#### INSTRUCTIONS TO FOLLOW
In the material below, find each line that contains the word "unfolding" and copy it.
*** Block opens ***
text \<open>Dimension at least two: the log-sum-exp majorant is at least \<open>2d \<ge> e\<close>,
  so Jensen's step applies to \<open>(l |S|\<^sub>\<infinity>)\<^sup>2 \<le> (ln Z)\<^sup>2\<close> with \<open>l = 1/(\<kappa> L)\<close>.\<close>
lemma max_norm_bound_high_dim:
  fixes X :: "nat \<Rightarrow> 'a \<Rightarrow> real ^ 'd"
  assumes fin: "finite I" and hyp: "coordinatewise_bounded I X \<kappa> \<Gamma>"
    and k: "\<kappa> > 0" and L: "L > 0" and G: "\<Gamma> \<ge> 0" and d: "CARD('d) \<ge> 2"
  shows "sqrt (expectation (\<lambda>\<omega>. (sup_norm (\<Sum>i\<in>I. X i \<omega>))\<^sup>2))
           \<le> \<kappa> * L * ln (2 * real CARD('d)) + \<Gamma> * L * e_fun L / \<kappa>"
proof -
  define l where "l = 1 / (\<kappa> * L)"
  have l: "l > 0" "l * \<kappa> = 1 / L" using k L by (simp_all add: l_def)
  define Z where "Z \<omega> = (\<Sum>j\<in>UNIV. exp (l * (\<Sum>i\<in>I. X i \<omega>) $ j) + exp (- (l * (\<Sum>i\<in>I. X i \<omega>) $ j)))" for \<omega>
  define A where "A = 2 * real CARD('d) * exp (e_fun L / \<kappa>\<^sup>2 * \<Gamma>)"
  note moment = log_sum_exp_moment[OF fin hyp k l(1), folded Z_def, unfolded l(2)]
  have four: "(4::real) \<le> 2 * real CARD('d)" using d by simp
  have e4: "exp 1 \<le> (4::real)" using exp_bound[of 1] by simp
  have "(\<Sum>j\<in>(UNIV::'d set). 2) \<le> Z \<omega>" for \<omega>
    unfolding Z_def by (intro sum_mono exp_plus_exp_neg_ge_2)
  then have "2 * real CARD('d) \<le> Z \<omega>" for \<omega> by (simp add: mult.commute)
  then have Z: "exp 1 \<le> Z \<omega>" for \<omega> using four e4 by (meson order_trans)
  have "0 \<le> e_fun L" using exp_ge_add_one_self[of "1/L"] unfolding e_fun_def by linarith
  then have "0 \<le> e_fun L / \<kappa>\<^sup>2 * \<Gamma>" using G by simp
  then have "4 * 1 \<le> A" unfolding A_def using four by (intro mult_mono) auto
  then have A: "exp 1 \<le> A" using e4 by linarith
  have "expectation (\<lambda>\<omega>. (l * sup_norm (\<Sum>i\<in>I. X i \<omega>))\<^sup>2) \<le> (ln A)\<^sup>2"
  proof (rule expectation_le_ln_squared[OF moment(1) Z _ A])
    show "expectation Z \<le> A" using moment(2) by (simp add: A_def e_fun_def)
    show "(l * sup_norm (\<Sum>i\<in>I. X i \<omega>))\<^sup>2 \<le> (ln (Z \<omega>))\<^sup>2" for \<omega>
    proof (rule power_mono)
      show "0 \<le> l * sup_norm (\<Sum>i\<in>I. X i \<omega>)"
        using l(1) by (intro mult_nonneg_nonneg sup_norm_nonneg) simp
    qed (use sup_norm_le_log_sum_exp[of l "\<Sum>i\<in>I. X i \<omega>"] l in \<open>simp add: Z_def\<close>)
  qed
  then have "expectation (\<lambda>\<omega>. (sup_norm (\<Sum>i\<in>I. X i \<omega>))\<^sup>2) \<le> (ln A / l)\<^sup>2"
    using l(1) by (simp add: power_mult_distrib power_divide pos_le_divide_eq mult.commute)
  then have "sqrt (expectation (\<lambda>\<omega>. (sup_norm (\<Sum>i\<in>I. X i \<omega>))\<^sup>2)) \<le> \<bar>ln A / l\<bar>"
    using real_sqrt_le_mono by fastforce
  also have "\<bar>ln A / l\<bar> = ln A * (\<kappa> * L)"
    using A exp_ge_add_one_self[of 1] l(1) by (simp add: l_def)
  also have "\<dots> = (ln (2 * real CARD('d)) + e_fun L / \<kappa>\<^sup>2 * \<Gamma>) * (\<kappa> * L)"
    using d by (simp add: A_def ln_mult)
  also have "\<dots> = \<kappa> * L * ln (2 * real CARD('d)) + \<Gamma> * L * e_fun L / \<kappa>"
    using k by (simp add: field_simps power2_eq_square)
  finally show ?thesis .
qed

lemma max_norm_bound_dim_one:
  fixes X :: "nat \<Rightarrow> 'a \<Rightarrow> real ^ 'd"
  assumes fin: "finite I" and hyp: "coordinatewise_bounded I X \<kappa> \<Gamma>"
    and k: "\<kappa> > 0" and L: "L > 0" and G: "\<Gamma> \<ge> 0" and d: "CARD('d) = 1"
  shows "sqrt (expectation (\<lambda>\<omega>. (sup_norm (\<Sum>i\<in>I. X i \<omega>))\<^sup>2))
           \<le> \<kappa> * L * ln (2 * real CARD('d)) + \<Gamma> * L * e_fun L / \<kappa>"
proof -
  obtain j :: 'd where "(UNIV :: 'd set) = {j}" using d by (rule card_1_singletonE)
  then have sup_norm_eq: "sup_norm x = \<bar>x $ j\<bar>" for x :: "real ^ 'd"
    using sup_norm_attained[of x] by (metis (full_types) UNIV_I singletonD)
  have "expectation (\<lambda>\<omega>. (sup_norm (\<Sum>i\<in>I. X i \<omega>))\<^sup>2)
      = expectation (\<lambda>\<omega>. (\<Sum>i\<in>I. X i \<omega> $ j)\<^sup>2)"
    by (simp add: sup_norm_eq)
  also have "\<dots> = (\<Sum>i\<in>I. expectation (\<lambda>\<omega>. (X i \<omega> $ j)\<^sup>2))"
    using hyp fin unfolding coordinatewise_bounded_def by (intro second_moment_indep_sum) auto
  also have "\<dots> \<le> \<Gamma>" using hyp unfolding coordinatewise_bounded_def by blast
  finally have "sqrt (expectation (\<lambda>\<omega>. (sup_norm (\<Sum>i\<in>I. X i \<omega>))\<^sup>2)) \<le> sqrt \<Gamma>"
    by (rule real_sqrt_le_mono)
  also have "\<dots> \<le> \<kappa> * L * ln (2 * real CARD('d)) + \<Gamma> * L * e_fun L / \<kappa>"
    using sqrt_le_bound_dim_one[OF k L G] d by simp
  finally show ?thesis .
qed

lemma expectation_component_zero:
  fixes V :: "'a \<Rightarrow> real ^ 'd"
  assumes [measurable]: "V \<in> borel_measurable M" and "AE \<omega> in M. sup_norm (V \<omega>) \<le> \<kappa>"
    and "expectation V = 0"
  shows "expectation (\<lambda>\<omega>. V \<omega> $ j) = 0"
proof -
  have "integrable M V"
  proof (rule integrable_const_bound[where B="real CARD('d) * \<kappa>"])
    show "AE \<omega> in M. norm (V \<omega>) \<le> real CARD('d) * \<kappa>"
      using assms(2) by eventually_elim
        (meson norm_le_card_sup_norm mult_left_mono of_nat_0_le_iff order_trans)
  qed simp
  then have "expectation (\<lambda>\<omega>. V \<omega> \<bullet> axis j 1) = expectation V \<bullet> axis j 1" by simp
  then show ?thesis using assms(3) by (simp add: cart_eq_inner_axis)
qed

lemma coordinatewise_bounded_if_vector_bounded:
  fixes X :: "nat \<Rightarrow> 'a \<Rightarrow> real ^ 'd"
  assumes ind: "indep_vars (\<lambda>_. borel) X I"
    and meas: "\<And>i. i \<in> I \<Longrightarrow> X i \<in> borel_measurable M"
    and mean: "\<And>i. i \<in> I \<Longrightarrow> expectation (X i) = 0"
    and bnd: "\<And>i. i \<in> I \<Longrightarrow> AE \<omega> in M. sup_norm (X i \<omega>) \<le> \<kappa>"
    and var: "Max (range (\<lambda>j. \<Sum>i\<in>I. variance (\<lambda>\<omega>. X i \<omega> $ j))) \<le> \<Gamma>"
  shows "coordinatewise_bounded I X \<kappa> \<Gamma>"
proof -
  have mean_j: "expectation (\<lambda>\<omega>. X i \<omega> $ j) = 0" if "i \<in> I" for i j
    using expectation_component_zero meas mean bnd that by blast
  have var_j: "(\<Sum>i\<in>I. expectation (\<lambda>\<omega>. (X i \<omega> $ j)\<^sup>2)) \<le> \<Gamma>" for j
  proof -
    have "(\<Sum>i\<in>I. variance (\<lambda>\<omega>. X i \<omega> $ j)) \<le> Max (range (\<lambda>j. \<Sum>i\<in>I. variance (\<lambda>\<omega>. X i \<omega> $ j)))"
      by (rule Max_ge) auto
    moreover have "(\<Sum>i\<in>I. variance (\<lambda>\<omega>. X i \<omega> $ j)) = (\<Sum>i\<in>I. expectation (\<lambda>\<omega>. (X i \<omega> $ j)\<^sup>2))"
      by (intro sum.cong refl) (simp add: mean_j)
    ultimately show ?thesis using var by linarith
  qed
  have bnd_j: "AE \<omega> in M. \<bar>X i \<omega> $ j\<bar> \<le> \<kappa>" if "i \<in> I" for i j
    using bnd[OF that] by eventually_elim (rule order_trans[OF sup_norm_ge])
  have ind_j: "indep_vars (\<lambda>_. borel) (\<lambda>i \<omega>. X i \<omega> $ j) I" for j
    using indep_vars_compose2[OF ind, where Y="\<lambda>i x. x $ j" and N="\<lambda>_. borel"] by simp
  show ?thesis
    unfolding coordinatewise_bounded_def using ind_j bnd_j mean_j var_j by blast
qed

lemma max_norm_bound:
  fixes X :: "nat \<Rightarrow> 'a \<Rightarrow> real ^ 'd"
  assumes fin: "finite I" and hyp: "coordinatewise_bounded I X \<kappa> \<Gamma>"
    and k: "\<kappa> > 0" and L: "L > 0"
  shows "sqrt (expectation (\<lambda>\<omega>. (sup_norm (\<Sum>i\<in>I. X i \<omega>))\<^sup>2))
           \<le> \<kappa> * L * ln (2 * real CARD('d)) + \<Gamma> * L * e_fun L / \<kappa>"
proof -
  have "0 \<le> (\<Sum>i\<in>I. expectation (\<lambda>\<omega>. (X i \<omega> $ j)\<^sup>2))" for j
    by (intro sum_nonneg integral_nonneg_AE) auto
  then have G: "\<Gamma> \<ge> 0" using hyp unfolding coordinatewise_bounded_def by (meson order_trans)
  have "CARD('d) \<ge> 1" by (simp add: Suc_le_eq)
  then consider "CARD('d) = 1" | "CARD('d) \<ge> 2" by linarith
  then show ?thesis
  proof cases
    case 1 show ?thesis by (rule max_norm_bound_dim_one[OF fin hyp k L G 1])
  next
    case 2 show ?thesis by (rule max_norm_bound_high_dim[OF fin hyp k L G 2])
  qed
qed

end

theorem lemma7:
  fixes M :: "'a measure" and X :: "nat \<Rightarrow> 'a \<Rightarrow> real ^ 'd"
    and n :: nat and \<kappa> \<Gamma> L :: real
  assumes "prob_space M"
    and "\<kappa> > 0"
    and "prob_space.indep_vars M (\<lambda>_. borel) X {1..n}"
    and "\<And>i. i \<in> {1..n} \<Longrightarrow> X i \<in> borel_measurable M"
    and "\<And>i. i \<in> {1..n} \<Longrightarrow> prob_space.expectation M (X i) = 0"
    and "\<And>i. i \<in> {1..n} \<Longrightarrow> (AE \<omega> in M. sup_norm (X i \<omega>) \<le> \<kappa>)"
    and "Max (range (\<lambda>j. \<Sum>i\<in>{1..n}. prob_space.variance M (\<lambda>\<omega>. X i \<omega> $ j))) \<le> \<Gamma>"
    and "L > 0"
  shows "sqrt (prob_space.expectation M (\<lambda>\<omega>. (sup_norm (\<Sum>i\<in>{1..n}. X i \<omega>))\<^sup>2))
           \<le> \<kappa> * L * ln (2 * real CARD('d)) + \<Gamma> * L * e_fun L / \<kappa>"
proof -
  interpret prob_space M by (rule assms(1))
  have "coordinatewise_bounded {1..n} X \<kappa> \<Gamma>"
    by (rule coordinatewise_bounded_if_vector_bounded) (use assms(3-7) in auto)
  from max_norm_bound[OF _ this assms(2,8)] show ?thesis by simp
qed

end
*** Block closes ***
#### RESULT OF THIS TASK
    unfolding Z_def by (intro sum_mono exp_plus_exp_neg_ge_2)
  have "0 \<le> e_fun L" using exp_ge_add_one_self[of "1/L"] unfolding e_fun_def by linarith
  then have "4 * 1 \<le> A" unfolding A_def using four by (intro mult_mono) auto
    using hyp fin unfolding coordinatewise_bounded_def by (intro second_moment_indep_sum) auto
  also have "\<dots> \<le> \<Gamma>" using hyp unfolding coordinatewise_bounded_def by blast
    unfolding coordinatewise_bounded_def using ind_j bnd_j mean_j var_j by blast
  then have G: "\<Gamma> \<ge> 0" using hyp unfolding coordinatewise_bounded_def by (meson order_trans)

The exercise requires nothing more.